▸ What you need to do
Find all lines below containing the string "that" and return them.

*** Begin section ***

lemma pos_dependent_transfer:
  assumes "finite G" "finite G'" and dep: "pos_dependent n G'"
    and comb: "\<And>g'. g' \<in> G' \<Longrightarrow> pos_combination G g'"
  shows "pos_dependent n G"
proof -
  obtain c :: "(nat \<Rightarrow> int) \<Rightarrow> real" where c_nonneg: "\<forall>g'\<in>G'. 0 \<le> c g'"
    and c_pos: "\<exists>g'\<in>G'. 0 < c g'" and c_sum: "\<forall>j<n. (\<Sum>g'\<in>G'. c g' * of_int (g' j)) = 0"
    using dep unfolding pos_dependent_def by blast
  have "\<forall>g'\<in>G'. \<exists>\<kappa>::(nat \<Rightarrow> int) \<Rightarrow> real. (\<forall>g\<in>G. 0 \<le> \<kappa> g) \<and> (\<exists>g\<in>G. 0 < \<kappa> g) \<and>
      (\<forall>j. of_int (g' j) = (\<Sum>g\<in>G. \<kappa> g * of_int (g j)))"
    using comb unfolding pos_combination_def by blast
  then obtain \<kappa> :: "(nat \<Rightarrow> int) \<Rightarrow> (nat \<Rightarrow> int) \<Rightarrow> real"
    where \<kappa>: "\<forall>g'\<in>G'. (\<forall>g\<in>G. 0 \<le> \<kappa> g' g) \<and> (\<exists>g\<in>G. 0 < \<kappa> g' g) \<and>
      (\<forall>j. of_int (g' j) = (\<Sum>g\<in>G. \<kappa> g' g * of_int (g j)))"
    by (rule bchoice[elim_format]) blast
  have \<kappa>_nonneg: "0 \<le> \<kappa> g' g" if "g' \<in> G'" "g \<in> G" for g' g using \<kappa> that by blast
  have \<kappa>_sum: "(\<Sum>g\<in>G. \<kappa> g' g * of_int (g j)) = of_int (g' j)" if "g' \<in> G'" for g' j
    using \<kappa> that by simp
  define d where "d = (\<lambda>g. \<Sum>g'\<in>G'. c g' * \<kappa> g' g)"
  have "\<forall>g\<in>G. 0 \<le> d g" unfolding d_def using c_nonneg \<kappa>_nonneg by (simp add: sum_nonneg)
  moreover have "\<exists>g\<in>G. 0 < d g"
  proof -
    obtain g' g where "g' \<in> G'" "0 < c g'" "g \<in> G" "0 < \<kappa> g' g" using c_pos \<kappa> by blast
    then have "0 < c g' * \<kappa> g' g" by simp
    also have "\<dots> \<le> d g" unfolding d_def using \<open>g' \<in> G'\<close> \<open>g \<in> G\<close> c_nonneg \<kappa>_nonneg \<open>finite G'\<close>
      by (intro member_le_sum) simp_all
    finally show ?thesis using \<open>g \<in> G\<close> by blast
  qed
  moreover have "(\<Sum>g\<in>G. d g * of_int (g j)) = 0" if "j < n" for j
  proof -
    have "(\<Sum>g\<in>G. d g * of_int (g j)) = (\<Sum>g'\<in>G'. c g' * (\<Sum>g\<in>G. \<kappa> g' g * of_int (g j)))"
      unfolding d_def by (simp add: sum_distrib_left sum_distrib_right mult.assoc sum.swap[of _ G])
    also have "\<dots> = (\<Sum>g'\<in>G'. c g' * of_int (g' j))" by (simp add: \<kappa>_sum)
    finally show ?thesis using c_sum that by simp
  qed
  ultimately show ?thesis unfolding pos_dependent_def by blast
qed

*** End section ***

▸ Problem solution
  have \<kappa>_nonneg: "0 \<le> \<kappa> g' g" if "g' \<in> G'" "g \<in> G" for g' g using \<kappa> that by blast
    using \<kappa> that by simp
    finally show ?thesis using c_sum that by simp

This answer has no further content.